### What is required
From the data that follows, report the number of lines including "blast", and only that number.

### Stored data
(* Let $h>0$, $N\in\mathbb{N}$, $\mu>0$, $\alpha,\beta\in[0,1/2]$, and let $L_d:\mathbb{R}^d\times\mathbb{R}^d\to\mathbb{R}$ be $C^1$. Let $\gamma(z)=\rho(z)/\sigma(z)$ with $\rho_0/\sigma_0>0$ (e.g. $\gamma=\gamma_p$, $\gamma_p(z)=\sum_{j=1}^p\frac1j(1-z)^j$) and for real $a$ let $\omega^{(a)}_n$ be the Taylor coefficients of $(\gamma(z)/h)^{-a}$; define $\mathcal{J}_{-}^{a}x_k=\sum_{n=0}^{k}\omega_n^{(a)}x_{k-n}$, $\mathcal{J}_{+}^{a}y_k=\sum_{n=0}^{N-k}\omega_n^{(a)}y_{k+n}$. For sequences $x_d=(x_k)_{k=0}^N$, $y_d=(y_k)_{k=0}^N$ in $\mathbb{R}^d$ define the discrete action $$\mathcal{S}_d(x_d,y_d)=\sum_{k=0}^{N-1}\big(L_d(x_k,x_{k+1})+L_d(y_k,y_{k+1})\big)-\mu h\sum_{k=0}^{N}\mathcal{J}_{-}^{-\alpha}x_k\cdot\mathcal{J}_{+}^{-\beta}y_k .$$ Suppose $x_d,y_d$ satisfy, for all $k=1,\dots,N-1$, $$D_1L_d(x_k,x_{k+1})+D_2L_d(x_{k-1},x_k)=\mu h\,\mathcal{J}_{-}^{-(\alpha+\beta)}x_k,\qquad D_1L_d(y_k,y_{k+1})+D_2L_d(y_{k-1},y_k)=\mu h\,\mathcal{J}_{+}^{-(\alpha+\beta)}y_k,$$ where $D_i$ denotes the gradient with respect to the $i$-th argument. Then $(x_d,y_d)$ is an extremal of $\mathcal{S}_d$ under restricted variations: for every sequence $(\delta x_k)_{k=0}^N$ in $\mathbb{R}^d$ with $\delta x_0=\delta x_N=0$, $$\frac{d}{d\epsilon}\Big|_{\epsilon=0}\mathcal{S}_d\big((x_k+\epsilon\delta x_k)_k,(y_k+\epsilon\delta x_k)_k\big)=0.$$
   Context: Restricted variations: the same variation $\delta x$ is applied to both doubled variables $x$ and $y$. $\mathcal{J}^{-\alpha}_{\pm}$ are convolution-quadrature approximations of left/right Riemann–Liouville fractional derivatives; the choice $\gamma_1(z)=1-z$ gives Grünwald–Letnikov weights. *)

theory Defs
  imports "HOL-Analysis.Analysis" "HOL-Computational_Algebra.Polynomial"
begin

definition gamma_fun :: "real poly \<Rightarrow> real poly \<Rightarrow> real \<Rightarrow> real" where
  "gamma_fun \<rho> \<sigma> z = poly \<rho> z / poly \<sigma> z"

definition omega :: "real poly \<Rightarrow> real poly \<Rightarrow> real \<Rightarrow> real \<Rightarrow> nat \<Rightarrow> real" where
  "omega \<rho> \<sigma> h a n =
     (deriv ^^ n) (\<lambda>z. (gamma_fun \<rho> \<sigma> z / h) powr (- a)) 0 / fact n"

definition Jminus :: "real poly \<Rightarrow> real poly \<Rightarrow> real \<Rightarrow> real \<Rightarrow> (nat \<Rightarrow> 'a::real_vector) \<Rightarrow> nat \<Rightarrow> 'a" where
  "Jminus \<rho> \<sigma> h a x k = (\<Sum>n=0..k. omega \<rho> \<sigma> h a n *\<^sub>R x (k - n))"

definition Jplus :: "real poly \<Rightarrow> real poly \<Rightarrow> real \<Rightarrow> nat \<Rightarrow> real \<Rightarrow> (nat \<Rightarrow> 'a::real_vector) \<Rightarrow> nat \<Rightarrow> 'a" where
  "Jplus \<rho> \<sigma> h N a y k = (\<Sum>n=0..N - k. omega \<rho> \<sigma> h a n *\<^sub>R y (k + n))"

definition action :: "('a::euclidean_space \<Rightarrow> 'a \<Rightarrow> real) \<Rightarrow> real poly \<Rightarrow> real poly \<Rightarrow> real \<Rightarrow> nat
    \<Rightarrow> real \<Rightarrow> real \<Rightarrow> real \<Rightarrow> (nat \<Rightarrow> 'a) \<Rightarrow> (nat \<Rightarrow> 'a) \<Rightarrow> real" where
  "action L \<rho> \<sigma> h N \<mu> \<alpha> \<beta> x y =
     (\<Sum>k<N. L (x k) (x (Suc k)) + L (y k) (y (Suc k)))
     - \<mu> * h * (\<Sum>k=0..N. Jminus \<rho> \<sigma> h (- \<alpha>) x k \<bullet> Jplus \<rho> \<sigma> h N (- \<beta>) y k)"

end

theory Submission
  imports Defs "HOL-Complex_Analysis.Complex_Analysis"
begin

text \<open>
  Along the restricted variation the derivative of the action splits into a Lagrangian part
  and a coupling part. Summation by parts and the discrete Euler--Lagrange equations turn the
  Lagrangian part into $\mu h \sum_k (J_-^{-(\alpha+\beta)} x_k + J_+^{-(\alpha+\beta)} y_k) \cdot \delta x_k$.
  The coupling part is the same expression, because $J_+^a$ is the adjoint of $J_-^a$ for the
  pairing $\sum_{k=0}^N u_k \cdot v_k$ and $J_-^b J_-^a = J_-^{a+b}$. The latter is the convolution
  identity $\omega^{(a+b)} = \omega^{(a)} * \omega^{(b)}$, i.e.\ the Leibniz rule for
  $(\gamma/h)^{-a} (\gamma/h)^{-b} = (\gamma/h)^{-(a+b)}$, obtained from a holomorphic extension of
  $\gamma$ near $0$, where $\gamma > 0$.
\<close>

lemma sum_triangle_reindex_atMost:
  fixes k :: nat
  shows "(\<Sum>i\<le>k. \<Sum>j\<le>k - i. g i j) = (\<Sum>p\<le>k. \<Sum>i\<le>p. g i (p - i))"
proof -
  have "(\<Sum>i\<le>k. \<Sum>j\<le>k - i. g i j) = (\<Sum>(i, j)\<in>{(i, j). i + j \<le> k}. g i j)"
    by (subst sum.Sigma) (auto intro!: sum.cong simp: Sigma_def)
  also have "\<dots> = (\<Sum>p\<le>k. \<Sum>i\<le>p. g i (p - i))"
    by (rule sum.triangle_reindex_eq)
  finally show ?thesis .
qed

lemma Jminus_reversed: "Jminus \<rho> \<sigma> h a x k = (\<Sum>i\<le>k. omega \<rho> \<sigma> h a (k - i) *\<^sub>R x i)"
  unfolding Jminus_def by (subst sum.atLeastAtMost_rev) (auto simp: atLeast0AtMost intro!: sum.cong)

lemma sum_inner_Jplus:
  "(\<Sum>k=0..N. u k \<bullet> Jplus \<rho> \<sigma> h N a v k) = (\<Sum>k=0..N. Jminus \<rho> \<sigma> h a u k \<bullet> v k)"
proof -
  have "(\<Sum>k=0..N. u k \<bullet> Jplus \<rho> \<sigma> h N a v k)
      = (\<Sum>k\<le>N. \<Sum>n\<le>N - k. omega \<rho> \<sigma> h a n * (u k \<bullet> v (k + n)))"
    by (simp add: Jplus_def inner_sum_right atLeast0AtMost)
  also have "\<dots> = (\<Sum>p\<le>N. \<Sum>k\<le>p. omega \<rho> \<sigma> h a (p - k) * (u k \<bullet> v p))"
    by (simp add: sum_triangle_reindex_atMost)
  also have "\<dots> = (\<Sum>p=0..N. Jminus \<rho> \<sigma> h a u p \<bullet> v p)"
    by (simp add: Jminus_reversed inner_sum_left atLeast0AtMost)
  finally show ?thesis .
qed

lemma Jminus_Jminus_conv:
  "Jminus \<rho> \<sigma> h b (Jminus \<rho> \<sigma> h a x) k
     = (\<Sum>p=0..k. (\<Sum>i=0..p. omega \<rho> \<sigma> h b i * omega \<rho> \<sigma> h a (p - i)) *\<^sub>R x (k - p))"
proof -
  have "Jminus \<rho> \<sigma> h b (Jminus \<rho> \<sigma> h a x) k
      = (\<Sum>i\<le>k. \<Sum>j\<le>k - i. (omega \<rho> \<sigma> h b i * omega \<rho> \<sigma> h a j) *\<^sub>R x (k - i - j))"
    by (simp add: Jminus_def scaleR_sum_right atLeast0AtMost)
  also have "\<dots> = (\<Sum>p\<le>k. \<Sum>i\<le>p. (omega \<rho> \<sigma> h b i * omega \<rho> \<sigma> h a (p - i)) *\<^sub>R x (k - p))"
    by (subst sum_triangle_reindex_atMost) (auto intro!: sum.cong)
  finally show ?thesis
    by (simp add: atLeast0AtMost scaleR_sum_left)
qed

lemma higher_deriv_of_real:
  fixes F :: "complex \<Rightarrow> complex" and f :: "real \<Rightarrow> real"
  assumes holF: "F holomorphic_on S" and "open S" "open T"
    and TS: "\<And>t. t \<in> T \<Longrightarrow> complex_of_real t \<in> S"
    and F_f: "\<And>t. t \<in> T \<Longrightarrow> F (of_real t) = of_real (f t)"
    and "x \<in> T"
  shows "(deriv ^^ n) F (of_real x) = of_real ((deriv ^^ n) f x)"
  using \<open>x \<in> T\<close>
proof (induction n arbitrary: x)
  case 0
  then show ?case using F_f by simp
next
  case (Suc n x)
  define c where "c = deriv ((deriv ^^ n) F) (of_real x)"
  have "((deriv ^^ n) F has_field_derivative c) (at (of_real x))"
    unfolding c_def using holomorphic_higher_deriv[OF holF \<open>open S\<close>] \<open>open S\<close> TS[OF Suc.prems]
    by (rule holomorphic_derivI)
  then have "((\<lambda>t. (deriv ^^ n) F (of_real t)) has_vector_derivative c) (at x)"
    by (rule has_vector_derivative_real_field)
  then have Re: "((\<lambda>t. Re ((deriv ^^ n) F (of_real t))) has_field_derivative Re c) (at x)"
    and Im: "((\<lambda>t. Im ((deriv ^^ n) F (of_real t))) has_field_derivative Im c) (at x)"
    by (auto intro: has_field_derivative_Re has_field_derivative_Im)
  have "((deriv ^^ n) f has_field_derivative Re c) (at x)"
    by (rule has_field_derivative_transform_within_open[OF Re \<open>open T\<close> Suc.prems])
       (simp add: Suc.IH)
  moreover have "((\<lambda>t. 0) has_field_derivative Im c) (at x)"
    by (rule has_field_derivative_transform_within_open[OF Im \<open>open T\<close> Suc.prems])
       (simp add: Suc.IH)
  then have "Im c = 0"
    using DERIV_unique DERIV_const by blast
  ultimately show ?case
    by (simp add: c_def DERIV_imp_deriv complex_eq_iff)
qed

lemma higher_deriv_mult_of_real:
  fixes F G :: "complex \<Rightarrow> complex" and f g :: "real \<Rightarrow> real"
  assumes "F holomorphic_on S" "G holomorphic_on S" "open S" "open T"
    and TS: "\<And>t. t \<in> T \<Longrightarrow> complex_of_real t \<in> S"
    and F_f: "\<And>t. t \<in> T \<Longrightarrow> F (of_real t) = of_real (f t)"
    and G_g: "\<And>t. t \<in> T \<Longrightarrow> G (of_real t) = of_real (g t)"
    and "x \<in> T"
  shows "(deriv ^^ n) (\<lambda>t. f t * g t) x
           = (\<Sum>i=0..n. of_nat (n choose i) * (deriv ^^ i) f x * (deriv ^^ (n - i)) g x)"
proof -
  have FG: "(\<lambda>z. F z * G z) holomorphic_on S"
    using assms by (auto intro: holomorphic_on_mult)
  have "complex_of_real ((deriv ^^ n) (\<lambda>t. f t * g t) x) = (deriv ^^ n) (\<lambda>z. F z * G z) (of_real x)"
    by (rule sym, rule higher_deriv_of_real[OF FG \<open>open S\<close> \<open>open T\<close> TS])
       (simp_all add: F_f G_g \<open>x \<in> T\<close>)
  also have "\<dots> = (\<Sum>i=0..n. of_nat (n choose i) * (deriv ^^ i) F (of_real x) * (deriv ^^ (n - i)) G (of_real x))"
    using assms by (intro higher_deriv_mult) auto
  also have "\<dots> = of_real (\<Sum>i=0..n. of_nat (n choose i) * (deriv ^^ i) f x * (deriv ^^ (n - i)) g x)"
    using assms by (simp add: higher_deriv_of_real[where S=S and T=T])
  finally show ?thesis
    using of_real_eq_iff by blast
qed

lemma poly_map_poly_of_real: "poly (map_poly of_real p) (of_real x) = of_real (poly p x)"
  by (induction p) (auto simp: map_poly_pCons)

### Finished task
2